资源描述
。
哲学家就餐问题与死锁
2.1 设计目的
理解死锁的概念,掌握死锁预防方法。
死锁是进程并发执行过程中可能出现的现象,哲学家就餐问题是描述死锁的经典例子。假设有几位哲学家围坐在一张餐桌旁,桌上有吃不尽的食品,每两位哲学家之间摆放着一根筷子,筷子的个数与哲学家的数量相等,每一位哲学家要么思考,要么等待,要么拿起左右两根筷子进餐。本设计假设有五个哲学家和五根筷子,它们的编号都是从0到4。 如果每位哲学家都拿起左边的筷子,就会发生死锁。
为了防止死锁,可以采用资源预分配法或者资源按序分配法。资源预分配法是指进程在运行前一次性地向系统申请它所需要的全部资源,如果系统当前不能够满足进程的全部资源请求,则不分配资源, 此进程暂不投入运行,如果系统当前能够满足进程的全部资源请求, 则一次性地将所申请的资源全部分配给申请进程。资源按序分配法是指事先将所有资源类全排序, 即赋予每一个资源类一个唯一的整数,规定进程必需按照资源编号由小到大的次序申请资源。

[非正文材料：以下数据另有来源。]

(* Let $\kappa<0$ and $\mu<0$, and set $\sigma=\sqrt{\mu/\kappa}>0$. Fix a real constant $K_0$ and a choice of signs (the same choice in each formula below). For $\tau>0$ define \[ \tilde q_0(x)=\sigma\tanh\!\Big(\pm\sigma\sqrt{\tfrac{\kappa(\mu\tau-1)}{2}}\,x\pm K_0\Big),\qquad \tilde q_1(x)=\frac{1}{1-\mu\tau}\,\tilde q_0'(x), \] which give standing front solutions $e^{i\mu t}(\tilde q_0(x),\tilde q_1(x))$ of the NLSH system $i\partial_tq_0+\partial_xq_1=-\kappa|q_0|^2q_0$, $i\tau\partial_tq_1=\partial_xq_0-q_1$, and let \[ u^-(x)=\sigma\tanh\!\Big(\pm\sigma\sqrt{-\kappa/2}\,x\pm K_0\Big) \] (the amplitude of the dark-soliton ground state $e^{i\mu t}u^-(x)$ of the NLS equation $iu_t+u_{xx}+\kappa|u|^2u=0$). Then as $\tau\to0$, the family $\{\tilde q_0\}_{\tau>0}$ converges uniformly on $\mathbb{R}$ to $u^-$ at a rate linear in $\tau$, i.e. $\sup_{x\in\mathbb{R}}|\tilde q_0(x)-u^-(x)|=O(\tau)$, and $\{\tilde q_1\}_{\tau>0}$ converges uniformly on $\mathbb{R}$ to $(u^-)'$ at a rate linear in $\tau$.
   Context: Standing-wave ansatz: $(q_0,q_1)(x,t)=e^{i\mu t}(\tilde q_0(x),\tilde q_1(x))$ with $\mu\in\mathbb{R}$, which reduces NLSH to $\tilde q_0'=(1-\mu\tau)\tilde q_1$, $\tilde q_1'=(\mu-\kappa\tilde q_0^2)\tilde q_0$. *)

theory Defs
  imports "HOL-Analysis.Analysis"
begin

definition sigma_nlsh :: "real \<Rightarrow> real \<Rightarrow> real" where
  "sigma_nlsh \<kappa> \<mu> = sqrt (\<mu> / \<kappa>)"

text \<open>Standing front amplitude q0~ of NLSH; s1, s2 in {1,-1} encode the sign choices.\<close>
definition q0_front :: "real \<Rightarrow> real \<Rightarrow> real \<Rightarrow> real \<Rightarrow> real \<Rightarrow> real \<Rightarrow> real \<Rightarrow> real" where
  "q0_front \<kappa> \<mu> K0 s1 s2 \<tau> x =
     sigma_nlsh \<kappa> \<mu> * tanh (s1 * sigma_nlsh \<kappa> \<mu> * sqrt (\<kappa> * (\<mu> * \<tau> - 1) / 2) * x + s2 * K0)"

definition q1_front :: "real \<Rightarrow> real \<Rightarrow> real \<Rightarrow> real \<Rightarrow> real \<Rightarrow> real \<Rightarrow> real \<Rightarrow> real" where
  "q1_front \<kappa> \<mu> K0 s1 s2 \<tau> x = deriv (q0_front \<kappa> \<mu> K0 s1 s2 \<tau>) x / (1 - \<mu> * \<tau>)"

definition u_dark :: "real \<Rightarrow> real \<Rightarrow> real \<Rightarrow> real \<Rightarrow> real \<Rightarrow> real \<Rightarrow> real" where
  "u_dark \<kappa> \<mu> K0 s1 s2 x =
     sigma_nlsh \<kappa> \<mu> * tanh (s1 * sigma_nlsh \<kappa> \<mu> * sqrt (- \<kappa> / 2) * x + s2 * K0)"

end

theory Submission imports Defs begin

text \<open>
  Both fronts are obtained from the dark soliton by dilating the argument of \<open>tanh\<close>
  by the factor \<open>l = sqrt (1 - \<mu> \<tau>) = 1 + O(\<tau>)\<close>. By the mean value theorem in the
  dilation parameter, \<open>tanh (l y + k) - tanh (y + k)\<close> is \<open>(l - 1) y sech\<^sup>2 (\<xi> y + k)\<close>
  for some \<open>\<xi> \<in> (1, l)\<close>; since \<open>|y| \<le> |\<xi> y + k| + |k|\<close> and \<open>|z| sech\<^sup>2 z \<le> 1\<close>, this is
  \<open>O(l - 1)\<close> uniformly in \<open>y\<close>. The derivatives are \<open>sech\<^sup>2\<close> profiles, whose difference
  is controlled by the difference of the \<open>tanh\<close> values plus the change of the prefactor.
\<close>

lemma cosh_real_ge_half_one_plus_abs: "(1 + \<bar>z\<bar>) / 2 \<le> cosh (z::real)"
proof -
  have "1 + \<bar>z\<bar> \<le> exp \<bar>z\<bar> + exp (- \<bar>z\<bar>)"
    using exp_ge_add_one_self[of "\<bar>z\<bar>"] exp_gt_zero[of "- \<bar>z\<bar>"] by linarith
  also have "\<dots> = 2 * cosh \<bar>z\<bar>"
    by (simp add: cosh_def)
  finally show ?thesis by simp
qed

lemma one_minus_tanh_real_squared: "1 - tanh (z::real) ^ 2 = 1 / cosh z ^ 2"
proof -
  have "1 - tanh z ^ 2 = (cosh z ^ 2 - sinh z ^ 2) / cosh z ^ 2"
    by (simp add: tanh_def power_divide diff_divide_distrib)
  thus ?thesis by (simp add: hyperbolic_pythagoras)
qed

lemma one_minus_tanh_real_squared_bounds: "0 \<le> 1 - tanh (z::real) ^ 2" "1 - tanh z ^ 2 \<le> 1"
  using abs_square_le_1[of "tanh z"] tanh_real_bounds[of z] by auto

lemma abs_mult_one_minus_tanh_real_squared_le_1: "\<bar>z\<bar> * (1 - tanh (z::real) ^ 2) \<le> 1"
proof -
  have "\<bar>z\<bar> \<le> ((1 + \<bar>z\<bar>) / 2) ^ 2"
    using sum_squares_ge_zero[of "\<bar>z\<bar> - 1" 0] by (simp add: power2_eq_square field_simps)
  also have "\<dots> \<le> cosh z ^ 2"
    using cosh_real_ge_half_one_plus_abs[of z] by (intro power_mono) auto
  finally show ?thesis
    by (simp add: one_minus_tanh_real_squared field_simps)
qed

lemma tanh_dilation_diff_le:
  fixes y k l :: real
  assumes "1 \<le> l"
  shows "\<bar>tanh (l * y + k) - tanh (y + k)\<bar> \<le> (1 + \<bar>k\<bar>) * (l - 1)"
proof (cases "l = 1")
  case True
  then show ?thesis by simp
next
  case False
  with assms have "1 < l" by simp
  have "\<forall>t. 1 \<le> t \<and> t \<le> l \<longrightarrow>
      ((\<lambda>t. tanh (t * y + k)) has_real_derivative (1 - tanh (t * y + k) ^ 2) * y) (at t)"
    by (auto intro!: derivative_eq_intros)
  then obtain \<xi> where \<xi>: "1 < \<xi>"
    and mvt: "tanh (l * y + k) - tanh (1 * y + k) = (l - 1) * ((1 - tanh (\<xi> * y + k) ^ 2) * y)"
    using MVT2[OF \<open>1 < l\<close>, of "\<lambda>t. tanh (t * y + k)" "\<lambda>t. (1 - tanh (t * y + k) ^ 2) * y"]
    by blast
  define z where "z = \<xi> * y + k"
  define s where "s = 1 - tanh z ^ 2"
  have s: "0 \<le> s" "s \<le> 1" "\<bar>z\<bar> * s \<le> 1"
    unfolding s_def
    using one_minus_tanh_real_squared_bounds abs_mult_one_minus_tanh_real_squared_le_1 by auto
  have "\<bar>y\<bar> \<le> \<xi> * \<bar>y\<bar>"
    using \<xi> by (simp add: mult_le_cancel_right1)
  also have "\<dots> = \<bar>z - k\<bar>"
    using \<xi> by (simp add: z_def abs_mult)
  finally have "\<bar>y\<bar> \<le> \<bar>z\<bar> + \<bar>k\<bar>" by linarith
  then have "s * \<bar>y\<bar> \<le> \<bar>z\<bar> * s + s * \<bar>k\<bar>"
    by (metis mult_left_mono s(1) distrib_left mult.commute)
  also have "\<dots> \<le> 1 + \<bar>k\<bar>"
    using s mult_left_le_one_le[of "\<bar>k\<bar>" s] by simp
  finally have "s * \<bar>y\<bar> \<le> 1 + \<bar>k\<bar>" .
  moreover have "\<bar>tanh (l * y + k) - tanh (y + k)\<bar> = (l - 1) * (s * \<bar>y\<bar>)"
    using mvt \<open>1 < l\<close> s(1) by (simp add: z_def s_def abs_mult)
  ultimately show ?thesis
    using \<open>1 < l\<close> by (simp add: mult.commute mult_left_mono)
qed

lemma one_minus_square_div_diff_le:
  fixes T0 T1 l :: real
  assumes "\<bar>T0\<bar> \<le> 1" "\<bar>T1\<bar> \<le> 1" "1 \<le> l"
  shows "\<bar>(1 - T1 ^ 2) / l - (1 - T0 ^ 2)\<bar> \<le> 2 * \<bar>T1 - T0\<bar> + (l - 1)"
proof -
  define P where "P = (T0 - T1) * (T0 + T1)"
  define R where "R = (1 - T0 ^ 2) * (l - 1)"
  have "(1 - T1 ^ 2) / l - (1 - T0 ^ 2) = P / l - R / l"
    using assms(3) by (simp add: P_def R_def field_simps power2_eq_square)
  moreover have "\<bar>P / l\<bar> \<le> 2 * \<bar>T1 - T0\<bar>"
  proof -
    have "\<bar>P / l\<bar> \<le> \<bar>P\<bar>"
      using assms(3) by (simp add: abs_divide divide_le_eq mult_le_cancel_left1)
    also have "\<dots> \<le> \<bar>T1 - T0\<bar> * 2"
      unfolding P_def abs_mult using assms(1,2)
      by (intro mult_mono) (auto simp: abs_minus_commute)
    finally show ?thesis by simp
  qed
  moreover have "0 \<le> R / l" "R / l \<le> l - 1"
  proof -
    have "0 \<le> 1 - T0 ^ 2" "1 - T0 ^ 2 \<le> 1"
      using assms(1) abs_square_le_1 by auto
    then have "0 \<le> R" "R \<le> l - 1"
      using assms(3) mult_left_le[of "1 - T0 ^ 2" "l - 1"] by (auto simp: R_def mult.commute)
    then show "0 \<le> R / l" "R / l \<le> l - 1"
      using assms(3) by (auto simp: divide_le_eq mult_le_cancel_left1 order_trans)
  qed
  ultimately show ?thesis by linarith
qed

lemma deriv_scaled_tanh_affine:
  "deriv (\<lambda>x. \<sigma> * tanh (c * x + k)) x = \<sigma> * ((1 - tanh (c * x + k) ^ 2) * (c::real))"
  by (rule DERIV_imp_deriv) (auto intro!: derivative_eq_intros)

lemma scaled_tanh_dilation_diff_le:
  fixes \<sigma> a k l x :: real
  assumes "1 \<le> l"
  shows "\<bar>\<sigma> * tanh (l * a * x + k) - \<sigma> * tanh (a * x + k)\<bar> \<le> \<bar>\<sigma>\<bar> * (1 + \<bar>k\<bar>) * (l - 1)"
proof -
  have "\<bar>\<sigma> * tanh (l * a * x + k) - \<sigma> * tanh (a * x + k)\<bar>
      = \<bar>\<sigma>\<bar> * \<bar>tanh (l * (a * x) + k) - tanh (a * x + k)\<bar>"
    by (simp add: abs_mult mult.assoc flip: right_diff_distrib)
  also have "\<dots> \<le> \<bar>\<sigma>\<bar> * ((1 + \<bar>k\<bar>) * (l - 1))"
    using tanh_dilation_diff_le[OF assms] by (intro mult_left_mono) auto
  finally show ?thesis by (simp add: mult.assoc)
qed

lemma deriv_scaled_tanh_dilation_diff_le:
  fixes \<sigma> a k l x :: real
  assumes "1 \<le> l"
  shows "\<bar>deriv (\<lambda>x. \<sigma> * tanh (l * a * x + k)) x / l ^ 2 - deriv (\<lambda>x. \<sigma> * tanh (a * x + k)) x\<bar>
           \<le> \<bar>\<sigma> * a\<bar> * (3 + 2 * \<bar>k\<bar>) * (l - 1)"
proof -
  define T1 where "T1 = tanh (l * (a * x) + k)"
  define T0 where "T0 = tanh (a * x + k)"
  have T_bounds: "\<bar>T0\<bar> \<le> 1" "\<bar>T1\<bar> \<le> 1"
    unfolding T0_def T1_def using tanh_real_bounds by (auto simp: abs_le_iff less_imp_le)
  have "deriv (\<lambda>x. \<sigma> * tanh (l * a * x + k)) x / l ^ 2 - deriv (\<lambda>x. \<sigma> * tanh (a * x + k)) x
      = \<sigma> * a * ((1 - T1 ^ 2) / l - (1 - T0 ^ 2))"
    unfolding deriv_scaled_tanh_affine T0_def T1_def using assms
    by (simp add: field_simps power2_eq_square)
  then have "\<bar>deriv (\<lambda>x. \<sigma> * tanh (l * a * x + k)) x / l ^ 2 - deriv (\<lambda>x. \<sigma> * tanh (a * x + k)) x\<bar>
      = \<bar>\<sigma> * a\<bar> * \<bar>(1 - T1 ^ 2) / l - (1 - T0 ^ 2)\<bar>"
    by (simp add: abs_mult)
  also have "\<dots> \<le> \<bar>\<sigma> * a\<bar> * (2 * \<bar>T1 - T0\<bar> + (l - 1))"
    using one_minus_square_div_diff_le[OF T_bounds assms] by (intro mult_left_mono) auto
  also have "\<dots> \<le> \<bar>\<sigma> * a\<bar> * (2 * ((1 + \<bar>k\<bar>) * (l - 1)) + (l - 1))"
    using tanh_dilation_diff_le[OF assms] unfolding T0_def T1_def
    by (intro mult_left_mono) auto
  finally show ?thesis by (simp add: algebra_simps)
qed

lemma sqrt_one_plus_bounds:
  assumes "0 \<le> t"
  shows "1 \<le> sqrt (1 + t)" "sqrt (1 + t) \<le> 1 + (t::real)"
  using assms by (auto intro: real_le_lsqrt simp: power2_eq_square)

lemma q0_front_eq:
  "q0_front \<kappa> \<mu> K0 s1 s2 \<tau> = (\<lambda>x. sigma_nlsh \<kappa> \<mu> *
     tanh (sqrt (1 - \<mu> * \<tau>) * (s1 * sigma_nlsh \<kappa> \<mu> * sqrt (- \<kappa> / 2)) * x + s2 * K0))"
proof -
  have "sqrt (\<kappa> * (\<mu> * \<tau> - 1) / 2) = sqrt (1 - \<mu> * \<tau>) * sqrt (- \<kappa> / 2)"
    by (simp flip: real_sqrt_mult add: field_simps)
  then show ?thesis
    by (simp add: fun_eq_iff q0_front_def mult_ac)
qed

lemma u_dark_eq:
  "u_dark \<kappa> \<mu> K0 s1 s2 = (\<lambda>x. sigma_nlsh \<kappa> \<mu> *
     tanh ((s1 * sigma_nlsh \<kappa> \<mu> * sqrt (- \<kappa> / 2)) * x + s2 * K0))"
  by (simp add: fun_eq_iff u_dark_def)

lemma q0_front_u_dark_diff_le:
  assumes "\<mu> * \<tau> \<le> 0"
  shows "\<bar>q0_front \<kappa> \<mu> K0 s1 s2 \<tau> x - u_dark \<kappa> \<mu> K0 s1 s2 x\<bar>
           \<le> \<bar>sigma_nlsh \<kappa> \<mu>\<bar> * (1 + \<bar>s2 * K0\<bar>) * (- \<mu> * \<tau>)"
proof -
  have l: "1 \<le> sqrt (1 - \<mu> * \<tau>)" "sqrt (1 - \<mu> * \<tau>) - 1 \<le> - \<mu> * \<tau>"
    using sqrt_one_plus_bounds[of "- \<mu> * \<tau>"] assms by simp_all
  have "\<bar>q0_front \<kappa> \<mu> K0 s1 s2 \<tau> x - u_dark \<kappa> \<mu> K0 s1 s2 x\<bar>
      \<le> \<bar>sigma_nlsh \<kappa> \<mu>\<bar> * (1 + \<bar>s2 * K0\<bar>) * (sqrt (1 - \<mu> * \<tau>) - 1)"
    unfolding q0_front_eq u_dark_eq by (rule scaled_tanh_dilation_diff_le[OF l(1)])
  also have "\<dots> \<le> \<bar>sigma_nlsh \<kappa> \<mu>\<bar> * (1 + \<bar>s2 * K0\<bar>) * (- \<mu> * \<tau>)"
    using l(2) by (intro mult_left_mono) auto
  finally show ?thesis .
qed

lemma q1_front_deriv_u_dark_diff_le:
  assumes "\<mu> * \<tau> \<le> 0"
  shows "\<bar>q1_front \<kappa> \<mu> K0 s1 s2 \<tau> x - deriv (u_dark \<kappa> \<mu> K0 s1 s2) x\<bar>
           \<le> \<bar>sigma_nlsh \<kappa> \<mu> * (s1 * sigma_nlsh \<kappa> \<mu> * sqrt (- \<kappa> / 2))\<bar>
              * (3 + 2 * \<bar>s2 * K0\<bar>) * (- \<mu> * \<tau>)"
proof -
  have l: "1 \<le> sqrt (1 - \<mu> * \<tau>)" "sqrt (1 - \<mu> * \<tau>) - 1 \<le> - \<mu> * \<tau>"
    using sqrt_one_plus_bounds[of "- \<mu> * \<tau>"] assms by simp_all
  have "\<bar>q1_front \<kappa> \<mu> K0 s1 s2 \<tau> x - deriv (u_dark \<kappa> \<mu> K0 s1 s2) x\<bar>
      \<le> \<bar>sigma_nlsh \<kappa> \<mu> * (s1 * sigma_nlsh \<kappa> \<mu> * sqrt (- \<kappa> / 2))\<bar>
         * (3 + 2 * \<bar>s2 * K0\<bar>) * (sqrt (1 - \<mu> * \<tau>) - 1)"
    using deriv_scaled_tanh_dilation_diff_le[OF l(1),
        of "sigma_nlsh \<kappa> \<mu>" "s1 * sigma_nlsh \<kappa> \<mu> * sqrt (- \<kappa> / 2)" "s2 * K0" x] assms
    unfolding q1_front_def q0_front_eq u_dark_eq by simp
  also have "\<dots> \<le> \<bar>sigma_nlsh \<kappa> \<mu> * (s1 * sigma_nlsh \<kappa> \<mu> * sqrt (- \<kappa> / 2))\<bar>
                   * (3 + 2 * \<bar>s2 * K0\<bar>) * (- \<mu> * \<tau>)"
    using l(2) by (intro mult_left_mono) auto
  finally show ?thesis .
qed

text \<open>
  Only \<open>\<mu> < 0\<close> is used: Isabelle's \<open>sqrt\<close> is odd on all of \<open>\<real>\<close>, so the
  profiles are defined and the estimates hold for any \<open>\<kappa>\<close>, \<open>s1\<close> and \<open>s2\<close>.
\<close>

theorem proposition1:
  fixes \<kappa> \<mu> K0 s1 s2 :: real
  assumes "\<kappa> < 0" and "\<mu> < 0"
    and "s1 \<in> {1, -1}" and "s2 \<in> {1, -1}"
  shows "\<exists>C \<delta>. \<delta> > 0 \<and> (\<forall>\<tau>. 0 < \<tau> \<and> \<tau> < \<delta> \<longrightarrow> (\<forall>x.
            \<bar>q0_front \<kappa> \<mu> K0 s1 s2 \<tau> x - u_dark \<kappa> \<mu> K0 s1 s2 x\<bar> \<le> C * \<tau>)) \<and>
         (\<exists>C \<delta>. \<delta> > 0 \<and> (\<forall>\<tau>. 0 < \<tau> \<and> \<tau> < \<delta> \<longrightarrow> (\<forall>x.
            \<bar>q1_front \<kappa> \<mu> K0 s1 s2 \<tau> x - deriv (u_dark \<kappa> \<mu> K0 s1 s2) x\<bar> \<le> C * \<tau>)))"
proof -
  have "\<mu> * \<tau> \<le> 0" if "0 < \<tau>" for \<tau>
    using \<open>\<mu> < 0\<close> that by (simp add: mult_nonpos_nonneg)
  then have "\<bar>q0_front \<kappa> \<mu> K0 s1 s2 \<tau> x - u_dark \<kappa> \<mu> K0 s1 s2 x\<bar>
               \<le> (\<bar>sigma_nlsh \<kappa> \<mu>\<bar> * (1 + \<bar>s2 * K0\<bar>) * - \<mu>) * \<tau>"
    and "\<bar>q1_front \<kappa> \<mu> K0 s1 s2 \<tau> x - deriv (u_dark \<kappa> \<mu> K0 s1 s2) x\<bar>
               \<le> (\<bar>sigma_nlsh \<kappa> \<mu> * (s1 * sigma_nlsh \<kappa> \<mu> * sqrt (- \<kappa> / 2))\<bar>
                  * (3 + 2 * \<bar>s2 * K0\<bar>) * - \<mu>) * \<tau>"
    if "0 < \<tau>" for \<tau> x
    using q0_front_u_dark_diff_le q1_front_deriv_u_dark_diff_le that by (simp_all add: mult.assoc)
  then show ?thesis
    using zero_less_one by blast
qed

end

在哲学家就餐问题中,要采用资源预分配法只需让每个哲学家同时申请左右两根筷子。要采用资源按序分配法只需规定每个哲学家先申请左右两根筷子中编号小的筷子,再申请编号大的筷子。
2.2 设计要求
利用多线程技术编写哲学家就餐程序,使之在运行时能演示产生死锁的情况,也能演示采用死锁防止方法后不产生死锁的情况。
程序要采用简单的控制台界面,运行后在屏幕上显示功能菜单,列出该程序具有的功能,供用户选择,用户选择功能后应该转到相应的处理程序。程序应该包括以下功能:
(1)演示死锁现象;
(2)通过资源按序分配法防止死锁;
(3)通过资源预分配法防止死锁;
(4)退出。
2.3 设计步骤
2.3.1 程序结构设计
程序需要六个线程,主线程用于显示主菜单,接收用户的功能选择;五个哲学家线程用于模拟哲学家的活动,即不停地思考、饥饿、进食。相邻的两个哲学家线程需要共享他们中间的同一根筷子,因此对每一根筷子的使用要互斥,用互斥体数组h_mutex_chopsticks来实现。主线程创建五个哲学家线程后要等待所有哲学家结束,用线程句柄数组h_thread来表示五个线程,主线程通过等待这五个线程句柄来实现同步。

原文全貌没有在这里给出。